**What the task requires**. Please copy every line below that contains the string "moreover".

(Stored data)
*** Block opens ***

lemma EO1_rel_eq: "EO1_rel n I = gen_subgroup n EO1_gens"
  unfolding EO1_rel_def EO1_gens_def ..

lemma EO1_gens_carrier: "EO1_gens \<subseteq> carrier_mat (2*n) (2*n)"
  unfolding EO1_gens_def by auto

lemma oe_index_1: "3 \<le> m \<Longrightarrow> m \<le> 2*n \<Longrightarrow> oe_index n 1 m \<and> oe_index n m 1"
  unfolding oe_index_def using sig_bounds_ge3[of m n] by auto

lemma EO1_gens_invertible:
  "g \<in> EO1_gens \<Longrightarrow> \<exists>t\<in>carrier_mat (2*n) (2*n). g * t = 1\<^sub>m (2*n) \<and> t * g = 1\<^sub>m (2*n)"
  unfolding EO1_gens_def using oe_inverse oe_index_1 oe_carrier by blast

lemma EO1_rel_carrier: "x \<in> EO1_rel n I \<Longrightarrow> x \<in> carrier_mat (2*n) (2*n)"
  using gen_subgroup_carrier[OF EO1_gens_carrier] unfolding EO1_rel_eq by blast

lemma EO1_rel_one: "1\<^sub>m (2*n) \<in> EO1_rel n I"
  unfolding EO1_rel_eq by (rule gen_subgroup.one)

lemma EO1_rel_mult: "a \<in> EO1_rel n I \<Longrightarrow> b \<in> EO1_rel n I \<Longrightarrow> a * b \<in> EO1_rel n I"
  unfolding EO1_rel_eq by (rule gen_subgroup_mult[OF EO1_gens_carrier])

lemma oe_1i_mem_EO1_rel: "3 \<le> i \<Longrightarrow> i \<le> 2*n \<Longrightarrow> oe n 1 i a \<in> EO1_rel n I"
  unfolding EO1_rel_eq by (rule gen_subgroup_gen[OF EO1_gens_carrier]) (auto simp: EO1_gens_def)

lemma oe_j1_mem_EO1_rel: "3 \<le> j \<Longrightarrow> j \<le> 2*n \<Longrightarrow> x \<in> I \<Longrightarrow> oe n j 1 x \<in> EO1_rel n I"
  unfolding EO1_rel_eq by (rule gen_subgroup_gen[OF EO1_gens_carrier]) (auto simp: EO1_gens_def)

lemma esd_unit_vec_mem_EO1_rel_of_pieces:
  assumes "1 \<le> h" "h \<le> 2*n" "is_vec n w" "w (sig h) = 0"
    and "\<And>m. 1 \<le> m \<Longrightarrow> m \<le> 2*n \<Longrightarrow> esd n (unit_vec h) (\<lambda>k. w m * unit_vec m k) \<in> EO1_rel n I"
  shows "esd n (unit_vec h) w \<in> EO1_rel n I"
  using esd_unit_vec_mem[of n "EO1_rel n I"] EO1_rel_one EO1_rel_mult assms by blast

lemma esd_e1_mem_EO1_rel:
  assumes "is_vec n w" "w 2 = 0"
  shows "esd n (unit_vec 1) w \<in> EO1_rel n I"
proof (rule esd_unit_vec_mem_EO1_rel_of_pieces)
  fix m assume m: "1 \<le> m" "m \<le> 2*n"
  show "esd n (unit_vec 1) (\<lambda>k. w m * unit_vec m k) \<in> EO1_rel n I"
  proof (cases "m \<le> 2")
    case True
    then have "m = 1 \<or> m = 2" using m by auto
    then show ?thesis using assms by (auto simp: esd_multiple EO1_rel_one)
  next
    case False
    then show ?thesis
      unfolding esd_unit_vec_eq_oe using sig_bounds_ge3[of m n] m by (intro oe_1i_mem_EO1_rel) auto
  qed
qed (use assms n_ge_3 in auto)

lemma esd_e2_mem_EO1_rel:
  assumes "is_vec n w" "w 1 = 0" "\<And>k. w k \<in> I"
  shows "esd n (unit_vec 2) w \<in> EO1_rel n I"
proof (rule esd_unit_vec_mem_EO1_rel_of_pieces)
  fix m assume m: "1 \<le> m" "m \<le> 2*n"
  show "esd n (unit_vec 2) (\<lambda>k. w m * unit_vec m k) \<in> EO1_rel n I"
  proof (cases "m \<le> 2")
    case True
    then have "m = 1 \<or> m = 2" using m by auto
    then show ?thesis using assms by (auto simp: esd_multiple EO1_rel_one)
  next
    case False
    have "esd n (unit_vec 2) (\<lambda>k. w m * unit_vec m k) = oe n m 1 (- w m)"
      unfolding esd_unit_vec_eq_oe by (subst oe_swap) simp
    then show ?thesis
      using False m oe_j1_mem_EO1_rel[of m "- w m"] ideal_minus[OF ideal assms(3)] by auto
  qed
qed (use assms n_ge_3 in auto)

text \<open>For such \<open>u, v\<close>, \<open>esd n u v\<close> lies in \<open>O\<^sub>2\<^sub>n(R)\<close> and is congruent to \<open>1\<close> modulo \<open>I\<close>.\<close>

definition admissible :: "(nat \<Rightarrow> 'a) \<Rightarrow> (nat \<Rightarrow> 'a) \<Rightarrow> bool" where
  "admissible u v \<longleftrightarrow> is_vec n u \<and> is_vec n v \<and> qform n u = 0 \<and> qform n v = 0 \<and> bform n u v = 0
     \<and> (\<forall>k. v k \<in> I)"

lemma esd_mem_EO1_rel_off_first_pair:
  assumes adm: "admissible u v" and z: "u 1 = 0" "u 2 = 0" "v 1 = 0" "v 2 = 0"
  shows "esd n u v \<in> EO1_rel n I"
proof -
  have s: "is_vec n u" "is_vec n v" and q: "qform n u = 0" "qform n v = 0" "bform n u v = 0"
    and vI: "\<And>k. v k \<in> I"
    using adm unfolding admissible_def by auto
  have "esd n u v = esd n (unit_vec 1) u * esd n (unit_vec 2) (\<lambda>k. - v k)
      * esd n (unit_vec 1) (\<lambda>k. - u k) * esd n (unit_vec 2) v"
    using esd_commutator[of 0 n u v] n_ge_3 s z q by (simp add: numeral_2_eq_2)
  moreover have "esd n (unit_vec 1) u \<in> EO1_rel n I" "esd n (unit_vec 1) (\<lambda>k. - u k) \<in> EO1_rel n I"
    using esd_e1_mem_EO1_rel s z by auto
  moreover have "esd n (unit_vec 2) v \<in> EO1_rel n I" "esd n (unit_vec 2) (\<lambda>k. - v k) \<in> EO1_rel n I"
    using esd_e2_mem_EO1_rel s z vI ideal_minus[OF ideal] by auto
  ultimately show ?thesis using EO1_rel_mult by metis
qed

lemma oe_mem_EO1_rel:
  assumes "oe_index n i j" "x \<in> I"
  shows "oe n i j x \<in> EO1_rel n I"
proof -
  have r: "1 \<le> i" "i \<le> 2*n" "1 \<le> j" "j \<le> 2*n" "i \<noteq> j" "i \<noteq> sig j"
    using assms unfolding oe_index_def by auto
  have nx: "- x \<in> I" using ideal_minus[OF ideal assms(2)] .
  consider "i = 1" | "j = 1" | "i = 2" | "j = 2" | "3 \<le> i \<and> 3 \<le> j" using r by linarith
  then show ?thesis
  proof cases
    case 1
    then have "3 \<le> j" using r by (cases "j = 2") auto
    then show ?thesis using 1 r oe_1i_mem_EO1_rel[of j x] by simp
  next
    case 2
    then have "3 \<le> i" using r by (cases "i = 2") auto
    then show ?thesis using 2 r oe_j1_mem_EO1_rel[of i x] assms by simp
  next
    case 3
    then have "3 \<le> j" using r by (cases "j = 1") auto
    moreover have "oe n i j x = oe n (sig j) 1 (- x)" using 3 by (subst oe_swap) simp
    ultimately show ?thesis using nx r sig_bounds_ge3[of j n] oe_j1_mem_EO1_rel[of "sig j" "- x"] by simp
  next
    case 4
    then have "3 \<le> i" using r by (cases "i = 1") auto
    moreover have "oe n i j x = oe n 1 (sig i) (- x)" using 4 by (subst oe_swap) simp
    ultimately show ?thesis using r sig_bounds_ge3[of i n] oe_1i_mem_EO1_rel[of "sig i" "- x"] by simp
  next
    case 5
    have sj: "3 \<le> sig j" "sig j \<le> 2*n" using 5 r sig_bounds_ge3[of j n] by auto
    have "unit_vec (sig j) (sig i) = (0::'a)" "unit_vec i j = (0::'a)" using r by (simp_all add: unit_vec_def)
    then have "admissible (unit_vec i) (\<lambda>k. x * unit_vec (sig j) k)"
      unfolding admissible_def using r sj assms(2) ideal_mult_right[OF ideal] by auto
    then show ?thesis unfolding oe_eq_esd
      by (rule esd_mem_EO1_rel_off_first_pair) (use 5 sj in \<open>auto simp: unit_vec_def\<close>)
  qed
qed

lemma esd_unit_vec_mem_EO1_rel:
  assumes h: "1 \<le> h" "h \<le> 2*n" and w: "is_vec n w" "w (sig h) = 0" "\<And>k. w k \<in> I"
  shows "esd n (unit_vec h) w \<in> EO1_rel n I"
proof (rule esd_unit_vec_mem_EO1_rel_of_pieces[OF h w(1,2)])
  fix m assume m: "1 \<le> m" "m \<le> 2*n"
  show "esd n (unit_vec h) (\<lambda>k. w m * unit_vec m k) \<in> EO1_rel n I"
  proof (cases "m = h \<or> m = sig h")
    case True
    then show ?thesis using w by (auto simp: esd_multiple EO1_rel_one)
  next
    case False
    then have "oe_index n h (sig m)" unfolding oe_index_def using h m sig_bounds[of m n] by auto
    then show ?thesis unfolding esd_unit_vec_eq_oe using oe_mem_EO1_rel w(3) by auto
  qed
qed

end

context relative_EO
begin

lemma oe_conj_oe_1i_mem_EO1_rel:
  assumes ij: "3 \<le> i" "i \<le> 2*n" "3 \<le> j" "j \<le> 2*n" "oe_index n i j" and m: "3 \<le> m" "m \<le> 2*n"
  shows "oe n i j c * oe n 1 m a * oe n i j (- c) \<in> EO1_rel n I"
proof -
  let ?b = "\<lambda>k. c * unit_vec (sig j) k" and ?w = "\<lambda>k. a * unit_vec (sig m) k"
  have s3: "3 \<le> sig j" "sig j \<le> 2*n" "3 \<le> sig m" "sig m \<le> 2*n" using sig_bounds_ge3 ij m by auto
  have z: "unit_vec i 1 = (0::'a)" "unit_vec i 2 = (0::'a)" "unit_vec (sig j) 1 = (0::'a)"
    "unit_vec (sig j) 2 = (0::'a)" "unit_vec (sig m) 2 = (0::'a)"
    using ij s3 by (auto intro!: unit_vec_other)
  have "esd_vec n (unit_vec i) ?b (unit_vec 1) = unit_vec 1"
    using ij z n_ge_3 by (simp add: esd_vec_def)
  then have "oe n i j c * oe n 1 m a * oe n i j (- c) = esd n (unit_vec 1) (esd_vec n (unit_vec i) ?b ?w)"
    using oe_conj_esd[OF ij(5), of "unit_vec 1" ?w c] n_ge_3 s3 by (simp add: oe_eq_esd)
  moreover have "esd n (unit_vec 1) (esd_vec n (unit_vec i) ?b ?w) \<in> EO1_rel n I"
    by (rule esd_e1_mem_EO1_rel) (use ij s3 z in \<open>simp_all add: esd_vec_def\<close>)
  ultimately show ?thesis by simp
qed

lemma oe_conj_oe_j1_mem_EO1_rel:
  assumes ij: "3 \<le> i" "i \<le> 2*n" "3 \<le> j" "j \<le> 2*n" "oe_index n i j"
    and m: "3 \<le> m" "m \<le> 2*n" and x: "x \<in> I"
  shows "oe n i j c * oe n m 1 x * oe n i j (- c) \<in> EO1_rel n I"
proof -
  let ?b = "\<lambda>k. c * unit_vec (sig j) k" and ?x = "\<lambda>k. x * unit_vec 2 k"
  let ?y = "esd_vec n (unit_vec i) ?b (unit_vec m)"
  have r: "i \<noteq> j" using ij(5) unfolding oe_index_def by auto
  have s3: "3 \<le> sig i" "sig i \<le> 2*n" "3 \<le> sig j" "sig j \<le> 2*n" using sig_bounds_ge3 ij by auto
  have z: "unit_vec i 1 = (0::'a)" "unit_vec 2 (sig i) = (0::'a)" "unit_vec 2 j = (0::'a)"
    "unit_vec (sig j) 1 = (0::'a)" "unit_vec (sig j) (sig i) = (0::'a)" "unit_vec m 1 = (0::'a)"
    using ij s3 r m by (auto intro!: unit_vec_other)
  have qa: "qform n (unit_vec i) = 0" "bform n (unit_vec i) ?b = 0" using ij z by auto
  have "esd_vec n (unit_vec i) ?b ?x = ?x"
    using ij z n_ge_3 by (simp add: esd_vec_def)
  then have "oe n i j c * oe n m 1 x * oe n i j (- c) = esd n ?y ?x"
    using oe_conj_esd[OF ij(5), of "unit_vec m" ?x c] n_ge_3 m by (simp add: oe_eq_esd)
  also have "\<dots> = esd n (unit_vec 2) (\<lambda>k. (- x) * ?y k)"
    using esd_swap[of n ?y] esd_scale[of n "- x" "unit_vec 2" ?y] qform_esd_vec[OF qa] by simp
  finally have "oe n i j c * oe n m 1 x * oe n i j (- c) = esd n (unit_vec 2) (\<lambda>k. (- x) * ?y k)" .
  moreover have "esd n (unit_vec 2) (\<lambda>k. (- x) * ?y k) \<in> EO1_rel n I"
  proof (rule esd_e2_mem_EO1_rel)
    show "- x * ?y k \<in> I" for k using ideal_mult_right[OF ideal ideal_minus[OF ideal x]] .
  qed (use ij m s3 z in \<open>simp_all add: esd_vec_def\<close>)
  ultimately show ?thesis by simp
qed

lemma oe_normalizes_EO1_rel:
  assumes "3 \<le> i" "i \<le> 2*n" "3 \<le> j" "j \<le> 2*n" "oe_index n i j"
  shows "normalizes n (EO1_rel n I) (oe n i j c)"
  unfolding EO1_rel_eq
  by (rule normalizes_gen_subgroup[OF EO1_gens_carrier EO1_gens_invertible, where s' = "oe n i j (- c)"])
    (use oe_inverse[OF assms(5)] oe_conj_oe_1i_mem_EO1_rel[OF assms] oe_conj_oe_j1_mem_EO1_rel[OF assms]
      in \<open>auto simp: EO1_gens_def EO1_rel_eq\<close>)

lemma oe_1i_normalizes_EO1_rel:
  assumes "3 \<le> m" "m \<le> 2*n"
  shows "normalizes n (EO1_rel n I) (oe n 1 m a)"
  unfolding EO1_rel_eq
proof (rule normalizes_member[OF EO1_gens_carrier])
  show "oe n 1 m a \<in> gen_subgroup n EO1_gens" "oe n 1 m (- a) \<in> gen_subgroup n EO1_gens"
    using oe_1i_mem_EO1_rel assms unfolding EO1_rel_eq by blast+
  show "oe n 1 m a * oe n 1 m (- a) = 1\<^sub>m (2*n)" "oe n 1 m (- a) * oe n 1 m a = 1\<^sub>m (2*n)"
    using oe_inverse oe_index_1[OF assms] by blast+
qed

lemma esd_unit_vec_piece_normalizes_EO1_rel:
  assumes h: "3 \<le> h" "h \<le> 2*n" and m: "1 \<le> m" "m \<le> 2*n" and c0: "m = sig h \<or> m = 2 \<Longrightarrow> c = 0"
  shows "normalizes n (EO1_rel n I) (esd n (unit_vec h) (\<lambda>k. c * unit_vec m k))"
proof -
  have sh: "3 \<le> sig h" "sig h \<le> 2*n" using sig_bounds_ge3 h by auto
  have one: "normalizes n (EO1_rel n I) (1\<^sub>m (2*n))"
    using normalizes_one EO1_rel_carrier by blast
  consider "m = h" | "m = sig h \<or> m = 2" | "m = 1" | "3 \<le> m" "m \<noteq> h" "m \<noteq> sig h"
    using m by linarith
  then show ?thesis
  proof cases
    case 1
    then show ?thesis using esd_multiple[of n "unit_vec h" c] one by simp
  next
    case 2
    then show ?thesis using c0 one by simp
  next
    case 3
    have "esd n (unit_vec h) (\<lambda>k. c * unit_vec m k) = oe n 1 (sig h) (- c)"
      unfolding esd_unit_vec_eq_oe 3 by (subst oe_swap) simp
    then show ?thesis using oe_1i_normalizes_EO1_rel[OF sh] by simp
  next
    case 4
    have "3 \<le> sig m" "sig m \<le> 2*n" using sig_bounds_ge3 4 m by auto
    moreover from this have "oe_index n h (sig m)" unfolding oe_index_def using 4 h by auto
    ultimately show ?thesis unfolding esd_unit_vec_eq_oe using oe_normalizes_EO1_rel h by blast
  qed
qed

lemma esd_unit_vec_normalizes_EO1_rel:
  assumes "3 \<le> h" "h \<le> 2*n" "is_vec n w" "w (sig h) = 0" "w 2 = 0"
  shows "normalizes n (EO1_rel n I) (esd n (unit_vec h) w)"
proof -
  have "esd n (unit_vec h) w \<in> {X. normalizes n (EO1_rel n I) X}"
  proof (rule esd_unit_vec_mem)
    show "1\<^sub>m (2*n) \<in> {X. normalizes n (EO1_rel n I) X}"
      using normalizes_one EO1_rel_carrier by blast
    show "a * b \<in> {X. normalizes n (EO1_rel n I) X}"
      if "a \<in> {X. normalizes n (EO1_rel n I) X}" "b \<in> {X. normalizes n (EO1_rel n I) X}" for a b
      using that normalizes_mult EO1_rel_carrier by blast
    show "esd n (unit_vec h) (\<lambda>k. w m * unit_vec m k) \<in> {X. normalizes n (EO1_rel n I) X}"
      if "1 \<le> m" "m \<le> 2*n" for m
      using esd_unit_vec_piece_normalizes_EO1_rel[OF assms(1,2) that] assms(4,5) by auto
  qed (use assms in auto)
  then show ?thesis by simp
qed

*** Block closes ***

**Result**.
  moreover have "esd n (unit_vec 1) u \<in> EO1_rel n I" "esd n (unit_vec 1) (\<lambda>k. - u k) \<in> EO1_rel n I"
  moreover have "esd n (unit_vec 2) v \<in> EO1_rel n I" "esd n (unit_vec 2) (\<lambda>k. - v k) \<in> EO1_rel n I"
    moreover have "oe n i j x = oe n (sig j) 1 (- x)" using 3 by (subst oe_swap) simp
    moreover have "oe n i j x = oe n 1 (sig i) (- x)" using 4 by (subst oe_swap) simp
  moreover have "esd n (unit_vec 1) (esd_vec n (unit_vec i) ?b ?w) \<in> EO1_rel n I"
  moreover have "esd n (unit_vec 2) (\<lambda>k. (- x) * ?y k) \<in> EO1_rel n I"
    moreover from this have "oe_index n h (sig m)" unfolding oe_index_def using 4 h by auto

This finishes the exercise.